Nikolai Mikhailovich Sologubov (; 8 August 1924 – 30 December 1988) was a Russian ice hockey defenceman who won a gold and a bronze medal with Soviet teams at the 1956 and 1960 Olympics, respectively.

World War II
Sologubov took part in World War II. Serving in the naval infantry he was wounded in the foot in a battle near Shlisselburg in 1943 when he stepped on a German booby trap. After a month and a half rehabilitation at a hospital he returned to front into the infantry and served as a scout. Six months later he was wounded into his arm, but returned to the Leningrad front once again. He was wounded for the third time during the Krasnoye Selo offensive, when a "jumping mine" exploded very close to him. The wound was so serious, that doctors were going to amputate his leg, suspecting gangrene. Fortunately, this diagnosis had not been confirmed, but he was operated four times on the right leg and four times on the left one.

Sports career
Sologubov took up skating to heal his foot injury and played ice hockey for several Moscow-based teams from 1949 to 1964, finishing with SKA Kalinin in 1964–65.  He played for the national team in all major tournaments from 1955 to 1963 (except for the boycotted 1962 World Ice Hockey Championships), including Winter Olympics, world and European championships. He was the team captain in 1957–61 and served as the Soviet Olympic flag bearer at the 1960 Winter Olympics. He won an Olympic gold medal in 1956 and the European title in 1955–56, 1958–60 and 1963. At the world championships he won a gold medal in 1956 and 1963, a silver in 1955 and 1957–1959, and a bronze in 1960 and 1961, and was named world's best defenceman in 1956, 1957 and 1960. He was inducted into the IIHF Hall of Fame in 2004.

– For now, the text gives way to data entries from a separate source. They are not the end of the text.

definition orbit_semigroup :: "'v set \<Rightarrow> 'a set \<Rightarrow> ('a \<Rightarrow> 'v) \<Rightarrow> ('a \<Rightarrow> 'v) \<Rightarrow> ('a \<Rightarrow> 'k::field) \<Rightarrow> ('v \<Rightarrow> int) set" where
  "orbit_semigroup Q0 Q1 t h W = {\<sigma> \<in> weights Q0. \<exists>f \<in> SI_weight Q0 Q1 t h \<sigma>. f W \<noteq> 0}"

definition saturated :: "('v \<Rightarrow> int) set \<Rightarrow> bool" where
  "saturated S \<longleftrightarrow> (\<forall>\<sigma> (n::nat). n \<ge> 1 \<longrightarrow> (\<lambda>x. int n * \<sigma> x) \<in> S \<longrightarrow> \<sigma> \<in> S)"

end

theory Submission
  imports Defs
begin
lemma periodic_first_order_recurrence_vanishing:
  fixes x :: "nat \<Rightarrow> 'a::field"
  assumes rec: "\<And>i. u * x i + v * x (Suc i) = 0" and "u \<noteq> 0 \<or> v \<noteq> 0"
    and "x n = x 0" and "n > 0" and "x j = 0"
  shows "x i = 0"
proof (cases "v = 0")
  case True
  then show ?thesis using rec[of i] \<open>u \<noteq> 0 \<or> v \<noteq> 0\<close> by simp
next
  case False
  note closed = first_order_recurrence_closed_form[of u x v, OF rec False]
  have "x 0 = 0"
  proof (cases "u = 0")
    case True
    then show ?thesis
      using rec[of "n - 1"] False \<open>x n = x 0\<close> \<open>n > 0\<close> by simp
  next
    case False
    then show ?thesis using closed[of j] \<open>x j = 0\<close> \<open>v \<noteq> 0\<close> by simp
  qed
  then show ?thesis using closed[of i] by simp
qed

lemma periodic_first_order_recurrence_coeffs:
  fixes x :: "nat \<Rightarrow> 'a::linordered_field"
  assumes rec: "\<And>i. u * x i + v * x (Suc i) = 0"
    and "x n = x 0" and "n > 0" and "x j \<noteq> 0"
  shows "u = v \<or> u = - v"
proof (cases "v = 0")
  case True
  then show ?thesis using rec[of j] \<open>x j \<noteq> 0\<close> by simp
next
  case False
  note closed = first_order_recurrence_closed_form[of u x v, OF rec False]
  have "x 0 \<noteq> 0" using closed[of j] \<open>x j \<noteq> 0\<close> by auto
  then have "(- u / v) ^ n = 1" using closed[of n] \<open>x n = x 0\<close> by simp
  then have "\<bar>- u / v\<bar> ^ n = 1 ^ n" by (metis abs_one power_abs power_one)
  then have "\<bar>- u / v\<bar> = 1"
    by (rule power_eq_imp_eq_base[OF _ _ _ \<open>n > 0\<close>]) simp_all
  then have "\<bar>u\<bar> = \<bar>v\<bar>" using False by (simp add: abs_div)
  then show ?thesis by linarith
qed

lemma sum_lessThan_circular_shift:
  assumes "i < (n::nat)"
  shows "(\<Sum>j<n. h ((j + n - i) mod n) j) = (\<Sum>m<n. h m ((i + m) mod n))"
proof (rule sum.reindex_bij_witness[where i = "\<lambda>m. (i + m) mod n" and j = "\<lambda>j. (j + n - i) mod n"])
  show "((i + m) mod n + n - i) mod n = m" if "m \<in> {..<n}" for m
    using that assms by (cases "i + m < n") (simp_all add: mod_if add.commute)
  show j: "(i + (j + n - i) mod n) mod n = j" if "j \<in> {..<n}" for j
  proof (cases "j < i")
    case False
    then have "(j + n - i) mod n = j - i"
      using that by (simp add: mod_if)
    then show ?thesis using that False by simp
  qed (use that assms in simp)
  show "h ((j + n - i) mod n) ((i + (j + n - i) mod n) mod n) = h ((j + n - i) mod n) j"
    if "j \<in> {..<n}" for j
    using j[OF that] by simp
qed auto

lemma neg_one_power_mod_even: "even n \<Longrightarrow> (-1::'a::ring_1) ^ (t mod n) = (-1) ^ t"
  by (simp add: minus_one_power_iff dvd_mod_iff)

lemma rank_lt_iff_nontrivial_kernel:
  fixes A :: "'a::field mat"
  assumes "A \<in> carrier_mat n n"
  shows "vec_space.rank n A < n \<longleftrightarrow> (\<exists>w \<in> carrier_vec n. w \<noteq> 0\<^sub>v n \<and> A *\<^sub>v w = 0\<^sub>v n)"
proof -
  have "vec_space.rank n A \<le> n" by (rule vec_space.rank_le_nc[OF assms])
  then have "vec_space.rank n A < n \<longleftrightarrow> det A = 0"
    using vec_space.det_rank_iff[OF assms] by auto
  then show ?thesis using det_0_iff_vec_prod_zero_field[OF assms] by auto
qed

lemma (in vec_space) cols_lin_indpt_if_trivial_kernel:
  fixes A :: "'a mat"
  assumes A: "A \<in> carrier_mat n m"
    and ker: "\<And>w. w \<in> carrier_vec m \<Longrightarrow> A *\<^sub>v w = 0\<^sub>v n \<Longrightarrow> w = 0\<^sub>v m"
  shows "distinct (cols A)" and "lin_indpt (set (cols A))"
proof -
  show dist: "distinct (cols A)"
  proof (rule ccontr)
    assume "\<not> distinct (cols A)"
    then obtain i j where ij: "i \<noteq> j" "i < m" "j < m" "col A i = col A j"
      using A by (auto simp: distinct_conv_nth)
    define w :: "'a vec" where "w = unit_vec m i - unit_vec m j"
    have w: "w \<in> carrier_vec m" by (simp add: w_def)
    have "A *\<^sub>v unit_vec m l = col A l" if "l < m" for l
      by (rule eq_vecI) (use A that in \<open>simp_all add: scalar_prod_right_unit\<close>)
    then have "A *\<^sub>v w = 0\<^sub>v n"
      using A ij by (simp add: w_def mult_minus_distrib_mat_vec)
    then have "w = 0\<^sub>v m" using ker w by blast
    then have "w $ i = 0" using ij by simp
    then show False using ij by (simp add: w_def)
  qed
  show "lin_indpt (set (cols A))"
  proof
    assume "lin_dep (set (cols A))"
    then obtain w where "w \<in> carrier_vec m" "w \<noteq> 0\<^sub>v m" "A *\<^sub>v w = 0\<^sub>v n"
      using lin_depE[OF A _ dist] by blast
    then show False using ker by blast
  qed
qed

Sologubov is known for trying to help the U.S. team at the 1960 Winter Olympics. When the U.S. was losing to Czechoslovakia, Sologubov went to their dressing room and informed them (using gestures, because he did not speak English) that they should use oxygen cans for better recovery during the breaks. The Americans came back to win the game and the gold medal. The Soviets needed the United States to defeat Czechoslovakia to have an opportunity to win the silver medal. However, the Soviets would lose their last game of the tournament, ending in a third place.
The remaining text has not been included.